| Excerpted records |
(* Suppose all distributions are Gaussian with a common known variance $\sigma^2>0$, i.e. $\nu_{a,i}=\mathcal N(\mu_{a,i},\sigma^2)$, let $\boldsymbol\mu\in\mathcal L$ and assume $\boldsymbol\beta\neq0$. Let \[ (u_0^\star,\dots,u_K^\star)\in\operatorname*{argmax}_{\mathbf u\in\Sigma_{K+1}}\ \min_{b\in[K]}\ \frac{\Delta_b^2}{2\left(\frac1{u_0}+\frac1{u_b}\right)},\qquad \Delta_b=\mu_0-\mu_b. \] Then the optimal weights for the active mode (maximizers over $\mathcal C_{\mathrm{active}}$ in the definition of $T^\star_{\mathrm{active}}(\boldsymbol\mu)^{-1}$) are given by \[ w^\star_{a,i}=u^\star_a\,\frac{|\beta_i|}{\sum_{j=1}^J|\beta_j|}\qquad\text{for all }a\in\{0,\dots,K\},\ i\le J. \] If in addition $\boldsymbol\alpha=\boldsymbol\beta$, the same weights are optimal for the agnostic and the proportional modes.
   Context: Arms $a\in\{0,\dots,K\}$ with $K\ge1$ (arm $0$ the control), subpopulations $i\in[J]$, means $\boldsymbol\mu=(\mu_{a,i})$; the KL divergence between $\mathcal N(x,\sigma^2)$ and $\mathcal N(y,\sigma^2)$ is $d(x,y)=(x-y)^2/(2\sigma^2)$. Known $\boldsymbol\beta\in\mathbb R^J$ and $\boldsymbol\alpha\in\Sigma_J$ ($\Sigma_n$ the probability simplex). $\mu_a=\sum_i\beta_i\mu_{a,i}$, $\mathcal S_{\boldsymbol\beta}(\boldsymbol\mu)=\{a\in[K]:\mu_a>\mu_0\}$, $\mathcal L=\{\boldsymbol\mu\in\mathbb R^{(K+1)\times J}:\mu_a\ne\mu_0\ \forall a\in[K]\}$, $\mathrm{Alt}_{\boldsymbol\beta}(\boldsymbol\mu)=\{\boldsymbol\lambda\in\mathcal L:\mathcal S_{\boldsymbol\beta}(\boldsymbol\lambda)\neq\mathcal S_{\boldsymbol\beta}(\boldsymbol\mu)\}$, with $\lambda_a=\sum_i\beta_i\lambda_{a,i}$. For a constraint set $\mathcal C$, $T^\star(\boldsymbol\mu)^{-1}=\sup_{\mathbf w\in\mathcal C}\inf_{\boldsymbol\lambda\in\mathrm{Alt}_{\boldsymbol\beta}(\boldsymbol\mu)}\sum_{a,i}w_{a,i}d(\mu_{a,i},\lambda_{a,i})$; optimal weights are maximizers of this supremum. Active mode: $\mathcal C_{\mathrm{active}}=\Sigma_{(K+1)J}$; proportional: $\mathcal C_{\mathrm{prop}}=\{\mathbf w\in\Sigma_{(K+1)J}:\sum_aw_{a,i}=\alpha_i\ \forall i\}$; agnostic: $\mathcal C_{\mathrm{agnostic}}=\{\mathbf w:w_{a,i}=\alpha_iu_a,\ \mathbf u\in\Sigma_{K+1}\}$. *)

theory Defs
  imports Complex_Main
begin

(* Arms are indexed by {0..K} (arm 0 = control), subpopulations by {1..J}.
   Mean matrices / weights are functions  nat => nat => real  (arm, subpopulation);
   only the values on {0..K} x {1..J} matter. *)

definition gauss_kl :: "real \<Rightarrow> real \<Rightarrow> real \<Rightarrow> real" where
  "gauss_kl \<sigma> x y = (x - y)^2 / (2 * \<sigma>^2)"

definition arm_mean :: "nat \<Rightarrow> (nat \<Rightarrow> real) \<Rightarrow> (nat \<Rightarrow> nat \<Rightarrow> real) \<Rightarrow> nat \<Rightarrow> real" where
  "arm_mean J \<beta> \<mu> a = (\<Sum>i\<in>{1..J}. \<beta> i * \<mu> a i)"

definition better_set :: "nat \<Rightarrow> nat \<Rightarrow> (nat \<Rightarrow> real) \<Rightarrow> (nat \<Rightarrow> nat \<Rightarrow> real) \<Rightarrow> nat set" where
  "better_set K J \<beta> \<mu> = {a \<in> {1..K}. arm_mean J \<beta> \<mu> a > arm_mean J \<beta> \<mu> 0}"

definition Lset :: "nat \<Rightarrow> nat \<Rightarrow> (nat \<Rightarrow> real) \<Rightarrow> (nat \<Rightarrow> nat \<Rightarrow> real) set" where
  "Lset K J \<beta> = {\<mu>. \<forall>a\<in>{1..K}. arm_mean J \<beta> \<mu> a \<noteq> arm_mean J \<beta> \<mu> 0}"

definition Alt :: "nat \<Rightarrow> nat \<Rightarrow> (nat \<Rightarrow> real) \<Rightarrow> (nat \<Rightarrow> nat \<Rightarrow> real) \<Rightarrow> (nat \<Rightarrow> nat \<Rightarrow> real) set" where
  "Alt K J \<beta> \<mu> = {lam \<in> Lset K J \<beta>. better_set K J \<beta> lam \<noteq> better_set K J \<beta> \<mu>}"

definition inner_val :: "real \<Rightarrow> nat \<Rightarrow> nat \<Rightarrow> (nat \<Rightarrow> real) \<Rightarrow> (nat \<Rightarrow> nat \<Rightarrow> real)
    \<Rightarrow> (nat \<Rightarrow> nat \<Rightarrow> real) \<Rightarrow> real" where
  "inner_val \<sigma> K J \<beta> \<mu> w =
     (INF lam\<in>Alt K J \<beta> \<mu>. (\<Sum>a\<in>{0..K}. \<Sum>i\<in>{1..J}. w a i * gauss_kl \<sigma> (\<mu> a i) (lam a i)))"

definition simplex_arms :: "nat \<Rightarrow> (nat \<Rightarrow> real) set" where
  "simplex_arms K = {u. (\<forall>a\<in>{0..K}. u a \<ge> 0) \<and> (\<Sum>a\<in>{0..K}. u a) = 1}"

definition simplex_pops :: "nat \<Rightarrow> (nat \<Rightarrow> real) set" where
  "simplex_pops J = {v. (\<forall>i\<in>{1..J}. v i \<ge> 0) \<and> (\<Sum>i\<in>{1..J}. v i) = 1}"

definition C_active :: "nat \<Rightarrow> nat \<Rightarrow> (nat \<Rightarrow> nat \<Rightarrow> real) set" where
  "C_active K J = {w. (\<forall>a\<in>{0..K}. \<forall>i\<in>{1..J}. w a i \<ge> 0) \<and>
                      (\<Sum>a\<in>{0..K}. \<Sum>i\<in>{1..J}. w a i) = 1}"

definition C_prop :: "nat \<Rightarrow> nat \<Rightarrow> (nat \<Rightarrow> real) \<Rightarrow> (nat \<Rightarrow> nat \<Rightarrow> real) set" where
  "C_prop K J \<alpha> = {w \<in> C_active K J. \<forall>i\<in>{1..J}. (\<Sum>a\<in>{0..K}. w a i) = \<alpha> i}"

definition C_agnostic :: "nat \<Rightarrow> nat \<Rightarrow> (nat \<Rightarrow> real) \<Rightarrow> (nat \<Rightarrow> nat \<Rightarrow> real) set" where
  "C_agnostic K J \<alpha> = {w. \<exists>u\<in>simplex_arms K. \<forall>a\<in>{0..K}. \<forall>i\<in>{1..J}. w a i = \<alpha> i * u a}"

definition optimal_weights :: "real \<Rightarrow> nat \<Rightarrow> nat \<Rightarrow> (nat \<Rightarrow> real) \<Rightarrow> (nat \<Rightarrow> nat \<Rightarrow> real)
    \<Rightarrow> (nat \<Rightarrow> nat \<Rightarrow> real) set \<Rightarrow> (nat \<Rightarrow> nat \<Rightarrow> real) \<Rightarrow> bool" where
  "optimal_weights \<sigma> K J \<beta> \<mu> C w \<longleftrightarrow>
     w \<in> C \<and> (\<forall>w'\<in>C. inner_val \<sigma> K J \<beta> \<mu> w' \<le> inner_val \<sigma> K J \<beta> \<mu> w)"
fun tsem :: "'ap trace \<Rightarrow> (nat \<Rightarrow> nat set) \<Rightarrow> 'ap tf \<Rightarrow> nat set" where
  "tsem tr V (TAP a) = {i. a \<in> tr_at tr i}"
| "tsem tr V (TVar Y) = V Y"
| "tsem tr V (TOr d1 d2) = tsem tr V d1 \<union> tsem tr V d2"
| "tsem tr V (TNot d) = - tsem tr V d"
| "tsem tr V (TNext f d) = {i. \<exists>j. succ_f f tr i = Some j \<and> j \<in> tsem tr V d}"
| "tsem tr V (TMu Y d) = \<Inter> {I. tsem tr (V(Y := I)) d \<subseteq> I}"

fun tfv :: "'ap tf \<Rightarrow> nat set" where
  "tfv (TAP a) = {}"
| "tfv (TVar Y) = {Y}"
| "tfv (TOr d1 d2) = tfv d1 \<union> tfv d2"
| "tfv (TNot d) = tfv d"
| "tfv (TNext f d) = tfv d"
| "tfv (TMu Y d) = tfv d - {Y}"

text \<open>tpol p Y d: every free occurrence of Y in d is under an even (p = True)
  resp. odd (p = False) number of negations.\<close>
fun tpol :: "bool \<Rightarrow> nat \<Rightarrow> 'ap tf \<Rightarrow> bool" where
  "tpol p Y (TAP a) = True"
| "tpol p Y (TVar Z) = (p \<or> Z \<noteq> Y)"
| "tpol p Y (TOr d1 d2) = (tpol p Y d1 \<and> tpol p Y d2)"
| "tpol p Y (TNot d) = tpol (\<not> p) Y d"
| "tpol p Y (TNext f d) = tpol p Y d"
| "tpol p Y (TMu Z d) = (Z = Y \<or> tpol p Y d)"

fun twf :: "'ap tf \<Rightarrow> bool" where
  "twf (TAP a) = True"
| "twf (TVar Y) = True"
| "twf (TOr d1 d2) = (twf d1 \<and> twf d2)"
| "twf (TNot d) = twf d"
| "twf (TNext f d) = twf d"
| "twf (TMu Y d) = (tpol True Y d \<and> twf d)"

definition tf_ok :: "'ap tf \<Rightarrow> bool" where
  "tf_ok d \<longleftrightarrow> twf d \<and> tfv d = {}"

text \<open>The next operator carries a map from trace variables to labels 'n:
  for mumbling 'n = 'ap tf (a map Delta), for stuttering 'n = 'ap tf list
  (a map Gamma to finite sets of trace formulae, represented by lists).\<close>
datatype ('ap, 'n) mf =
    MTest "'ap tf" nat
  | MVar nat
  | MOr "('ap, 'n) mf" "('ap, 'n) mf"
  | MNot "('ap, 'n) mf"
  | MNext "nat \<Rightarrow> 'n" "('ap, 'n) mf"
  | MMu nat "('ap, 'n) mf"

datatype ('ap, 'n) hf =
    HEx nat "('ap, 'n) hf"
  | HAll nat "('ap, 'n) hf"
  | HBody "('ap, 'n) mf"

text \<open>A trace assignment is partial (None = unassigned); positions v assign a
  position to every trace variable (only assigned ones matter).\<close>
type_synonym 'ap tassign = "nat \<Rightarrow> 'ap trace option"

definition succ_vec ::
  "('ap trace \<Rightarrow> 'n \<Rightarrow> nat \<Rightarrow> nat) \<Rightarrow> 'ap tassign \<Rightarrow> (nat \<Rightarrow> 'n) \<Rightarrow> (nat \<Rightarrow> nat) \<Rightarrow> (nat \<Rightarrow> nat)" where
  "succ_vec sN \<Pi> D v = (\<lambda>\<pi>. case \<Pi> \<pi> of Some tr \<Rightarrow> sN tr (D \<pi>) (v \<pi>) | None \<Rightarrow> v \<pi>)"

fun msem :: "('ap trace \<Rightarrow> 'n \<Rightarrow> nat \<Rightarrow> nat) \<Rightarrow> 'ap tassign \<Rightarrow> (nat \<Rightarrow> (nat \<Rightarrow> nat) set)
              \<Rightarrow> ('ap, 'n) mf \<Rightarrow> (nat \<Rightarrow> nat) set" where
  "msem sN \<Pi> W (MTest d \<pi>) =
     {v. case \<Pi> \<pi> of Some tr \<Rightarrow> v \<pi> \<in> tsem tr (\<lambda>_. {}) d | None \<Rightarrow> False}"
| "msem sN \<Pi> W (MVar X) = W X"
| "msem sN \<Pi> W (MOr p q) = msem sN \<Pi> W p \<union> msem sN \<Pi> W q"
| "msem sN \<Pi> W (MNot p) = - msem sN \<Pi> W p"
| "msem sN \<Pi> W (MNext D p) = {v. succ_vec sN \<Pi> D v \<in> msem sN \<Pi> W p}"
| "msem sN \<Pi> W (MMu X p) = \<Inter> {I. msem sN \<Pi> (W(X := I)) p \<subseteq> I}"
(* Let $G_1,\dots,G_K$ be a partition of $[n]$ with $n_k=|G_k|\ge1$, and let $U_1^\ast\in\mathbb R^{n\times K}$ have $k$-th column $\frac{1}{\sqrt{n_k}}\mathbf 1_{G_k}$. There exists $R_3>0$ such that for every $\Delta_1\in\mathbb R^{n\times K}$ satisfying $(U_1^\ast)_{ij}=0\Rightarrow(\Delta_1)_{ij}=0$, $$\|\Delta_1(U_1^\ast)^T\mathbf 1_n+U_1^\ast\Delta_1^T\mathbf 1_n\|_F^2\ge R_3\|\Delta_1\|_F^2.$$
   Context: $\mathbf 1_{G_k}\in\mathbb R^n$ is the indicator vector of $G_k$ and $\mathbf 1_n$ the all-ones vector. *)

theory Defs
  imports "HOL-Analysis.Analysis"
begin

definition frob_norm :: "real ^ 'k ^ 'n \<Rightarrow> real" where
  "frob_norm A = sqrt (\<Sum>i\<in>UNIV. \<Sum>j\<in>UNIV. (A $ i $ j)\<^sup>2)"

definition indicator_vec :: "'n set \<Rightarrow> real ^ 'n" where
  "indicator_vec S = (\<chi> i. if i \<in> S then 1 else 0)"

definition Ustar :: "('k \<Rightarrow> 'n set) \<Rightarrow> real ^ 'k ^ 'n" where
  "Ustar G = (\<chi> i j. (1 / sqrt (real (card (G j)))) * (indicator_vec (G j) $ i))"

end

theory Submission
  imports Defs
begin

text \<open>
  With \<open>c = U\<^sup>T 1 = (sqrt n\<^sub>k)\<^sub>k\<close> and \<open>s = \<Delta>\<^sup>T 1\<close> the vector in question is \<open>\<Delta> c + U s\<close>.
  A matrix supported on the support of \<open>U\<close> has at most one nonzero entry per row, so
  \<open>\<parallel>\<Delta> c\<parallel>\<^sup>2 \<ge> min\<^sub>k n\<^sub>k \<parallel>\<Delta>\<parallel>\<^sub>F\<^sup>2 \<ge> \<parallel>\<Delta>\<parallel>\<^sub>F\<^sup>2\<close>, and \<open>\<Delta>\<^sup>T U\<close> is the diagonal matrix
  \<open>diag (s\<^sub>k / c\<^sub>k)\<close>, so the cross term \<open>\<langle>\<Delta> c, U s\<rangle> = \<Sigma>\<^sub>k s\<^sub>k\<^sup>2\<close> is nonnegative.
  Hence \<open>R\<^sub>3 = 1\<close> works.
\<close>

lemma frob_norm_squared: "(frob_norm A)\<^sup>2 = (\<Sum>i\<in>UNIV. \<Sum>j\<in>UNIV. (A $ i $ j)\<^sup>2)"
  unfolding frob_norm_def by (simp add: sum_nonneg)

lemma frob_norm_squared_le_norm_matrix_vector_mult:
  fixes A :: "real ^ 'k ^ 'n" and x :: "real ^ 'k"
  assumes single_entry_rows: "\<And>i. \<exists>k. \<forall>j. j \<noteq> k \<longrightarrow> A $ i $ j = 0"
    and large: "\<And>j. 1 \<le> \<bar>x $ j\<bar>"
  shows "(frob_norm A)\<^sup>2 \<le> (norm (A *v x))\<^sup>2"
proof -
  have row: "(\<Sum>j\<in>UNIV. (A $ i $ j)\<^sup>2) \<le> ((A *v x) $ i)\<^sup>2" for i
  proof -
    obtain k where k: "\<And>j. j \<noteq> k \<Longrightarrow> A $ i $ j = 0"
      using single_entry_rows by blast
    have "(\<Sum>j\<in>UNIV. (A $ i $ j)\<^sup>2) = (A $ i $ k)\<^sup>2"
      using k by (subst sum.remove[of UNIV k]) auto
    also have "\<dots> \<le> (A $ i $ k)\<^sup>2 * (x $ k)\<^sup>2"
      using large[of k] by (simp add: mult_le_cancel_left1 abs_le_square_iff[of 1, simplified])
    also have "\<dots> = ((A *v x) $ i)\<^sup>2"
      using k by (simp add: matrix_vector_mult_def sum.remove[of UNIV k] power_mult_distrib)
    finally show ?thesis .
  qed
  have "(norm (A *v x))\<^sup>2 = (\<Sum>i\<in>UNIV. ((A *v x) $ i)\<^sup>2)"
    unfolding power2_norm_eq_inner inner_vec_def by (simp add: power2_eq_square)
  with row show ?thesis
    unfolding frob_norm_squared by (simp add: sum_mono)
qed

lemma Ustar_eq_0: "i \<notin> G j \<Longrightarrow> Ustar G $ i $ j = 0"
  by (simp add: Ustar_def indicator_vec_def)

lemma transpose_Ustar_mult_ones:
  "transpose (Ustar G) *v vec 1 = (\<chi> j. sqrt (real (card (G j))))"
proof -
  have "(\<Sum>i\<in>UNIV. Ustar G $ i $ j) = real (card (G j)) / sqrt (real (card (G j)))" for j
    by (simp add: Ustar_def indicator_vec_def sum.If_cases flip: sum_divide_distrib)
  then have "(\<Sum>i\<in>UNIV. Ustar G $ i $ j) = sqrt (real (card (G j)))" for j
    by (simp add: real_div_sqrt)
  then show ?thesis
    by (simp add: vec_eq_iff matrix_vector_mult_def transpose_def)
qed

context
  fixes G :: "'k::finite \<Rightarrow> 'n::finite set" and \<Delta> :: "real ^ 'k ^ 'n"
  assumes disj: "\<And>k l. k \<noteq> l \<Longrightarrow> G k \<inter> G l = {}"
    and supported: "\<And>i j. i \<notin> G j \<Longrightarrow> \<Delta> $ i $ j = 0"
begin

lemma block_supported_single_entry_rows: "\<exists>k. \<forall>j. j \<noteq> k \<longrightarrow> \<Delta> $ i $ j = 0"
  using disj supported by (cases "\<exists>k. i \<in> G k") blast+

lemma transpose_mult_Ustar_mult:
  "transpose \<Delta> *v (Ustar G *v y) =
     (\<chi> j. (transpose \<Delta> *v vec 1) $ j / sqrt (real (card (G j))) * y $ j)"
proof -
  have entry: "\<Delta> $ i $ j * (Ustar G *v y) $ i = \<Delta> $ i $ j / sqrt (real (card (G j))) * y $ j"
    for i j
  proof (cases "i \<in> G j")
    case True
    then have "\<And>l. l \<noteq> j \<Longrightarrow> Ustar G $ i $ l = 0"
      using disj by (blast intro: Ustar_eq_0)
    then have "(Ustar G *v y) $ i = Ustar G $ i $ j * y $ j"
      by (simp add: matrix_vector_mult_def sum.remove[of UNIV j])
    with True show ?thesis
      by (simp add: Ustar_def indicator_vec_def)
  qed (simp add: supported)
  have component: "(transpose \<Delta> *v w) $ j = (\<Sum>i\<in>UNIV. \<Delta> $ i $ j * w $ i)" for w j
    by (simp add: matrix_vector_mult_def transpose_def del: transpose_matrix_vector)
  show ?thesis
    by (simp add: vec_eq_iff component entry sum_divide_distrib sum_distrib_right
        del: transpose_matrix_vector)
qed

lemma inner_cross_term_nonneg:
  "0 \<le> inner (\<Delta> *v (transpose (Ustar G) *v vec 1)) (Ustar G *v (transpose \<Delta> *v vec 1))"
proof -
  define c :: "real ^ 'k" where "c = (\<chi> j. sqrt (real (card (G j))))"
  define s where "s = transpose \<Delta> *v vec 1"
  have "inner (\<Delta> *v c) (Ustar G *v s) = inner c (transpose \<Delta> *v (Ustar G *v s))"
    by (metis dot_lmul_matrix vector_transpose_matrix)
  also have "\<dots> = (\<Sum>j\<in>UNIV. sqrt (real (card (G j))) * (s $ j / sqrt (real (card (G j))) * s $ j))"
    unfolding transpose_mult_Ustar_mult inner_vec_def c_def s_def by simp
  also have "\<dots> \<ge> 0"
    by (intro sum_nonneg) (simp add: zero_le_mult_iff zero_le_divide_iff)
  finally show ?thesis
    unfolding s_def c_def transpose_Ustar_mult_ones .
qed

end

theorem lemma17:
  fixes G :: "'k::finite \<Rightarrow> 'n::finite set"
  assumes disj: "\<And>k l. k \<noteq> l \<Longrightarrow> G k \<inter> G l = {}"
    and cover: "(\<Union>k. G k) = UNIV"
    and nonempty: "\<And>k. card (G k) \<ge> 1"
  shows "\<exists>R3 > 0. \<forall>\<Delta> :: real ^ 'k ^ 'n.
           (\<forall>i j. Ustar G $ i $ j = 0 \<longrightarrow> \<Delta> $ i $ j = 0) \<longrightarrow>
           (norm ((\<Delta> ** transpose (Ustar G)) *v vec 1 + (Ustar G ** transpose \<Delta>) *v vec 1))\<^sup>2
             \<ge> R3 * (frob_norm \<Delta>)\<^sup>2"
proof (intro exI[of _ 1] conjI allI impI)
  fix \<Delta> :: "real ^ 'k ^ 'n"
  assume "\<forall>i j. Ustar G $ i $ j = 0 \<longrightarrow> \<Delta> $ i $ j = 0"
  then have supported: "\<And>i j. i \<notin> G j \<Longrightarrow> \<Delta> $ i $ j = 0"
    by (simp add: Ustar_eq_0)
  define a where "a = \<Delta> *v (transpose (Ustar G) *v vec 1)"
  define b where "b = Ustar G *v (transpose \<Delta> *v vec 1)"
  have "(frob_norm \<Delta>)\<^sup>2 \<le> (norm a)\<^sup>2"
    unfolding a_def transpose_Ustar_mult_ones
    using block_supported_single_entry_rows[of G \<Delta>, OF disj supported] nonempty
    by (intro frob_norm_squared_le_norm_matrix_vector_mult) auto
  also have "\<dots> \<le> (norm a)\<^sup>2 + 2 * inner a b + (norm b)\<^sup>2"
    using inner_cross_term_nonneg[of G \<Delta>, OF disj supported] unfolding a_def b_def by simp
  also have "\<dots> = (norm (a + b))\<^sup>2"
    unfolding power2_norm_eq_inner by (simp add: inner_add inner_commute)
  finally show "1 * (frob_norm \<Delta>)\<^sup>2 \<le>
      (norm ((\<Delta> ** transpose (Ustar G)) *v vec 1 + (Ustar G ** transpose \<Delta>) *v vec 1))\<^sup>2"
    by (simp add: a_def b_def flip: matrix_vector_mul_assoc)
qed simp

end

| Required work |
Show all lines in the entries above where the word "longleftrightarrow" appears.

| Exercise response |
  "optimal_weights \<sigma> K J \<beta> \<mu> C w \<longleftrightarrow>
  "tf_ok d \<longleftrightarrow> twf d \<and> tfv d = {}"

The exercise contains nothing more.